Turning Gossip Into Gold

Let's face it, gossip is everywhere - among friends, at home, at work, even in the media.
And we all do it.
Some of it's just idle chat about others a la Sex and the City girlfriend dishing: "Ooh, did you see that gorgeous man she brought with her to the party last night? All I can say is, 'Go girl!'" You share newsy tidbits about this, that and the other thing as a form of recreational small talk.
And then there's the mean brand of gossip in which people are talking about others in a negative way that's damaging - the kind of talk that leaves nothing but destruction in its wake.
The third kind of gossip, however, which I'm going to call "gripe" gossip, is the gossip that has at its root some complaint.
It's the gossip that happens around the water cooler or over happy-hour cocktails or in that weekly phone call with your sister where you tell your story, and you're the put-upon good guy, and someone else is the bad guy.
The problem is, gripe gossip almost never makes any difference.
You complain and tell your story to someone unrelated to the complaint, the complaint never gets resolved, and you simply create agreement about how bad things are and they shouldn't be that way.
Is this normal? Absolutely, it happens all the time.
Does it leave you and others fulfilled? Inspired? Happy? Not a chance.
You just get to be right about how unfair life is, which might give you some juice in the moment, but is ultimately unsatisfying.
And yet we still do it, don't we? According to a recent study, more than half of our conversations - and this is for men as well as women - are gossip-driven.
But there's a cost to this widespread phenomenon.
In addition to the obvious impacts of wasted time and lowered productivity, there's the fact that gossip drives a wedge between people, it adversely affects how others view you, and it saps your happiness and vitality.

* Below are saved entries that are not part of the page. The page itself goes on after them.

lemma prod_powr_le_prod_powr_of_partial_sums:
  fixes x \<sigma> :: "nat \<Rightarrow> real"
  assumes "\<forall>i\<in>{1..r}. real i * c \<le> (\<Sum>j=1..i. \<sigma> j)"
    and "antimono_on {1..r} x"
    and "\<forall>j\<in>{1..r}. 1 \<le> x j"
  shows "(\<Prod>j=1..r. x j powr c) \<le> (\<Prod>j=1..r. x j powr \<sigma> j)"
proof -
  have "0 \<le> (\<Sum>j=1..r. (\<sigma> j - c) * ln (x j))"
  proof (rule abel_summation_nonneg)
    show "\<forall>i\<in>{1..r}. 0 \<le> (\<Sum>j=1..i. \<sigma> j - c)"
      using assms(1) by (simp add: sum_subtractf)
    show "antimono_on {1..r} (\<lambda>j. ln (x j))"
      using assms(2,3) by (auto simp: monotone_on_def intro!: ln_mono)
    show "\<forall>j\<in>{1..r}. 0 \<le> ln (x j)"
      using assms(3) by simp
  qed
  then have "(\<Sum>j=1..r. c * ln (x j)) \<le> (\<Sum>j=1..r. \<sigma> j * ln (x j))"
    by (simp add: algebra_simps sum_subtractf)
  moreover have prod_exp: "(\<Prod>j=1..r. x j powr e j) = exp (\<Sum>j=1..r. e j * ln (x j))" for e
    using assms(3) by (auto simp: exp_sum powr_def intro!: prod.cong)
  ultimately show ?thesis
    by (simp only: prod_exp) simp
qed

lemma norm_pochhammer_le:
  fixes x :: "'a::real_normed_field"
  assumes "norm x \<le> A"
  shows "norm (pochhammer x n) \<le> pochhammer A n"
proof (induction n)
  case 0
  then show ?case by simp
next
  case (Suc n)
  have "norm (x + of_nat n) \<le> A + of_nat n"
    using assms norm_triangle_ineq[of x "of_nat n"] by simp
  with Suc have "norm (pochhammer x n) * norm (x + of_nat n) \<le> pochhammer A n * (A + of_nat n)"
    by (intro mult_mono) (auto intro: order_trans[OF norm_ge_zero])
  then show ?case
    by (simp add: pochhammer_Suc norm_mult)
qed

lemma summable_pochhammer_div_fact_mult_power:
  fixes a x :: real
  assumes "\<bar>x\<bar> < 1"
  shows "summable (\<lambda>n. pochhammer a n / fact n * x ^ n)"
proof -
  have "((-a) gchoose n) * (-x) ^ n = ((-1) * (-1)) ^ n * (pochhammer a n / fact n * x ^ n)" for n
    unfolding gbinomial_pochhammer power_minus[of x] power_mult_distrib by simp
  then show ?thesis
    using sums_summable[OF gen_binomial_real[of "-x" "-a"]] assms by simp
qed

lemma infsum_le_of_product_majorant:
  fixes f :: "'a \<times> 'b \<Rightarrow> ennreal" and a :: "'a \<Rightarrow> real" and b :: "'b \<Rightarrow> real"
  assumes f_le: "\<And>x y. (x, y) \<in> S \<Longrightarrow> f (x, y) \<le> ennreal (a x * b y)"
    and a_nonneg: "\<And>x. 0 \<le> a x" and b_nonneg: "\<And>y. 0 \<le> b y"
    and a_sums: "\<And>X. finite X \<Longrightarrow> X \<subseteq> fst ` S \<Longrightarrow> sum a X \<le> A"
    and b_sums: "\<And>Y. finite Y \<Longrightarrow> Y \<subseteq> snd ` S \<Longrightarrow> sum b Y \<le> B"
  shows "infsum f S \<le> ennreal (A * B)"
proof (rule infsum_le_finite_sums)
  show "f summable_on S"
    by (rule nonneg_summable_on_complete) simp
  fix F assume F: "finite F" "F \<subseteq> S"
  have "sum f F \<le> (\<Sum>(x, y)\<in>F. ennreal (a x * b y))"
    using F f_le by (intro sum_mono) auto
  also have "\<dots> = ennreal (\<Sum>(x, y)\<in>F. a x * b y)"
    using a_nonneg b_nonneg by (simp add: case_prod_beta)
  also have "\<dots> \<le> ennreal (\<Sum>(x, y)\<in>fst ` F \<times> snd ` F. a x * b y)"
    using F a_nonneg b_nonneg by (intro ennreal_leI sum_mono2) (auto intro: rev_image_eqI)
  also have "\<dots> = ennreal (sum a (fst ` F) * sum b (snd ` F))"
    by (simp add: sum_product sum.cartesian_product)
  also have "\<dots> \<le> ennreal (A * B)"
  proof (intro ennreal_leI mult_mono)
    show "sum a (fst ` F) \<le> A" "sum b (snd ` F) \<le> B"
      using F by (auto intro!: a_sums b_sums)
    show "0 \<le> A"
      using a_sums[of "{}"] by simp
    show "0 \<le> sum b (snd ` F)"
      using b_nonneg by (simp add: sum_nonneg)
  qed
  finally show "sum f F \<le> ennreal (A * B)" .
qed

lemma sum_prod_le_suminf_power:
  fixes g :: "nat \<Rightarrow> real" and G :: "('a \<Rightarrow> nat) set"
  assumes g_nonneg: "\<And>m. 0 \<le> g m" and "summable g"
    and "finite G" "finite J"
    and G_supp: "\<And>n j. n \<in> G \<Longrightarrow> j \<notin> J \<Longrightarrow> n j = 0"
  shows "(\<Sum>n\<in>G. \<Prod>j\<in>J. g (n j)) \<le> suminf g ^ card J"
proof -
  define M where "M = (\<Sum>n\<in>G. \<Sum>j\<in>J. n j)"
  have inj: "inj_on (\<lambda>n. restrict n J) G"
    by (rule inj_onI) (metis G_supp restrict_apply' ext)
  have "n j \<le> M" if "n \<in> G" "j \<in> J" for n j
    using that assms(3,4) unfolding M_def
    by (meson member_le_sum order_trans sum_nonneg zero_le)
  then have image: "(\<lambda>n. restrict n J) ` G \<subseteq> PiE J (\<lambda>_. {..M})"
    by auto
  have "(\<Sum>n\<in>G. \<Prod>j\<in>J. g (n j)) = (\<Sum>p\<in>(\<lambda>n. restrict n J) ` G. \<Prod>j\<in>J. g (p j))"
    by (simp add: sum.reindex[OF inj])
  also have "\<dots> \<le> (\<Sum>p\<in>PiE J (\<lambda>_. {..M}). \<Prod>j\<in>J. g (p j))"
    using image g_nonneg assms(4) by (intro sum_mono2 finite_PiE prod_nonneg) auto
  also have "\<dots> = (\<Prod>j\<in>J. \<Sum>m\<le>M. g m)"
    using assms(4) by (subst prod_sum_PiE) auto
  also have "\<dots> \<le> suminf g ^ card J"
    unfolding prod_constant using g_nonneg assms(2) by (intro power_mono sum_le_suminf sum_nonneg) auto
  finally show ?thesis .
qed

lemma continuous_on_coordinate [continuous_intros]:
  "continuous_on S (\<lambda>x. x i :: 'b::topological_space)"
  by (rule continuous_on_product_then_coordinatewise[OF continuous_on_id])

lemma compact_uniform_positive_lower_bound:
  fixes f :: "'i \<Rightarrow> 'a::topological_space \<Rightarrow> real"
  assumes "compact K" "finite I"
    and "\<And>i. i \<in> I \<Longrightarrow> continuous_on K (f i)"
    and "\<And>i x. i \<in> I \<Longrightarrow> x \<in> K \<Longrightarrow> 0 < f i x"
  shows "\<exists>d>0. \<forall>i\<in>I. \<forall>x\<in>K. d \<le> f i x"
  using assms(2-4)
proof (induction I rule: finite_induct)
  case empty
  show ?case by (rule exI[of _ 1]) simp
next
  case (insert i I)
  obtain d where d: "d > 0" "\<forall>i\<in>I. \<forall>x\<in>K. d \<le> f i x"
    using insert by blast
  obtain e where e: "e > 0" "\<forall>x\<in>K. e \<le> f i x"
  proof (cases "K = {}")
    case True
    then show thesis by (intro that[of 1]) auto
  next
    case False
    then obtain t where "t \<in> K" "\<forall>x\<in>K. f i t \<le> f i x"
      using continuous_attains_inf[OF assms(1)] insert.prems(1) by blast
    then show thesis using insert.prems(2) by (intro that[of "f i t"]) auto
  qed
  show ?case
    using d e by (intro exI[of _ "min d e"]) (force intro: min.coboundedI1 min.coboundedI2)
qed

lemma compact_bounded_sum_norm_coordinates:
  fixes K :: "('a \<Rightarrow> 'b::real_normed_vector) set"
  assumes "compact K"
  shows "\<exists>M>0. \<forall>s\<in>K. (\<Sum>j\<in>J. norm (s j)) \<le> M"
proof -
  have "compact ((\<lambda>s. \<Sum>j\<in>J. norm (s j)) ` K)"
    using assms by (intro compact_continuous_image continuous_intros)
  then obtain M where "M > 0" "\<forall>x\<in>(\<lambda>s. \<Sum>j\<in>J. norm (s j)) ` K. norm x \<le> M"
    using compact_imp_bounded bounded_pos by blast
  then show ?thesis
    by (intro exI[of _ M]) (auto dest: abs_le_D1)
qed

lemma shift_first_in_U_iff:
  "s(1 := s 1 + of_nat k) \<in> U r \<longleftrightarrow> (\<forall>i\<in>{1..r}. real i < Re (\<Sum>j=1..i. s j) + real k)"
proof -
  have "Re (\<Sum>j=1..i. (s(1 := s 1 + of_nat k)) j) = Re (\<Sum>j=1..i. s j) + real k"
    if "i \<in> {1..r}" for i
    using that by (subst sum_fun_upd_add) auto
  then show ?thesis
    unfolding U_def by (auto simp del: fun_upd_apply Re_sum)
qed

lemma Re_partial_sum_add_k0_gt:
  fixes K :: "(nat \<Rightarrow> complex) set"
  assumes "compact K" "s \<in> K" "i \<in> {1..r}"
  shows "real i < Re (\<Sum>j=1..i. s j) + real (k0 r K)"
proof -
  obtain M where M: "\<forall>s\<in>K. (\<Sum>j=1..r. norm (s j)) \<le> M"
    using compact_bounded_sum_norm_coordinates[OF assms(1)] by blast
  have "- M \<le> Re (\<Sum>j=1..l. t j)" if "t \<in> K" "l \<in> {1..r}" for t l
  proof -
    have "- Re (\<Sum>j=1..l. t j) \<le> norm (\<Sum>j=1..l. t j)"
      by (rule abs_le_D2[OF abs_Re_le_cmod])
    also have "\<dots> \<le> (\<Sum>j=1..l. norm (t j))"
      by (rule norm_sum)
    also have "\<dots> \<le> (\<Sum>j=1..r. norm (t j))"
      using that by (intro sum_mono2) auto
    also have "\<dots> \<le> M"
      using M that(1) by blast
    finally show ?thesis
      by linarith
  qed
  moreover have "M \<le> real (nat \<lceil>M\<rceil>)"
    by (rule real_nat_ceiling_ge)
  ultimately have "\<forall>s\<in>K. s(1 := s 1 + of_nat (nat \<lceil>M\<rceil> + r + 1)) \<in> U r"
    unfolding shift_first_in_U_iff by fastforce
  then have "\<forall>s\<in>K. s(1 := s 1 + of_nat (k0 r K)) \<in> U r"
    unfolding k0_def by (rule LeastI)
  then show ?thesis
    using assms(2,3) shift_first_in_U_iff by blast
qed

lemma compact_uniform_margin_k0:
  fixes K :: "(nat \<Rightarrow> complex) set"
  assumes "compact K"
  shows "\<exists>\<epsilon>>0. \<forall>s\<in>K. \<forall>i\<in>{1..r}. real i * (1 + \<epsilon>) \<le> Re (\<Sum>j=1..i. s j) + real (k0 r K)"
proof -
  let ?f = "\<lambda>i s. (Re (\<Sum>j=1..i. s j) + real (k0 r K)) / real i - 1"
  have "0 < ?f i s" if "i \<in> {1..r}" "s \<in> K" for i s
    using Re_partial_sum_add_k0_gt[OF assms that(2,1)] that(1) by (simp add: field_simps)
  moreover have "continuous_on K (?f i)" if "i \<in> {1..r}" for i
    using that by (intro continuous_intros) auto
  ultimately obtain d where "d > 0" "\<forall>i\<in>{1..r}. \<forall>s\<in>K. d \<le> ?f i s"
    using compact_uniform_positive_lower_bound[OF assms, of "{1..r}" ?f] by auto
  then show ?thesis
    by (intro exI[of _ d]) (auto simp: field_simps)
qed

lemma idx_antimono:
  assumes "n \<in> idx r N"
  shows "antimono_on {1..r} n"
proof (rule monotone_onI)
  fix i j :: nat assume "i \<in> {1..r}" "j \<in> {1..r}" "i \<le> j"
  from \<open>i \<le> j\<close> \<open>j \<in> {1..r}\<close> \<open>i \<in> {1..r}\<close> show "n j \<le> n i"
  proof (induction j rule: dec_induct)
    case (step m)
    then have "n (m + 1) \<le> n m"
      using assms by (auto simp: idx_def)
    with step show ?case by simp
  qed simp
qed

lemma norm_fterm:
  "norm (fterm r z n k s) =
     norm (pochhammer (s 1 - 1) (k + 1)) / fact (k + 1) * (\<Prod>j=1..r. norm (z j) ^ n j)
     / (real (n 1) powr (Re (s 1) + real k) * (\<Prod>j=2..r. real (n j) powr Re (s j)))"
proof -
  have "norm (fact (k + 1) :: complex) = fact (k + 1)"
    by (metis norm_of_nat of_nat_fact)
  then show ?thesis
    unfolding fterm_def norm_divide norm_mult prod_norm[symmetric] norm_power
    by (simp add: norm_powr_real_powr)
qed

The good news is, you can transform gripe gossip into something that can actually bring you closer to the people in your life.
Here's how: 1.
Notice when you're gossiping.
Engaging in gossip is a habit, which means you do it without thinking.
Practice asking yourself whether your speaking is contributing something positive to the conversation or is diminishing someone.
Simply paying attention to what's coming out of your mouth is half the battle.
2.
Identify a complaint.
Stop and ask yourself what the complaint is underneath the gossip.
Is it that your boss has given you more work to do than you can handle? Do your friend's last-minute cancellations of social plans get on your nerves? Is your complaining about your spouse to your friends really about the fact that you would like more one-on-one time with him? 3.
Take it to the right person.
What moves mountains in this world is the ability to make powerful requests.
Look to see what request you could make that would address the situation that's bothering you, and then identify the best person to take that request to.
If you've got more on your plate than you can handle at work, instead of complaining about it to your coworkers, make a request of your boss to sit down together and prioritize what you'll do now and what can be put off, done by someone else, or taken off the to-do list entirely.
Instead of griping to your pals about your significant other, go to him directly with a request he can accept, decline or counteroffer.
People are often amazed at the ease with which a simple request can resolve circumstances that previously seemed like a lost cause.
As you practice these steps over time, you'll develop some real muscle at turning would-be gossip into gold - and become someone whose speaking creates new possibilities, leaving you and others bigger.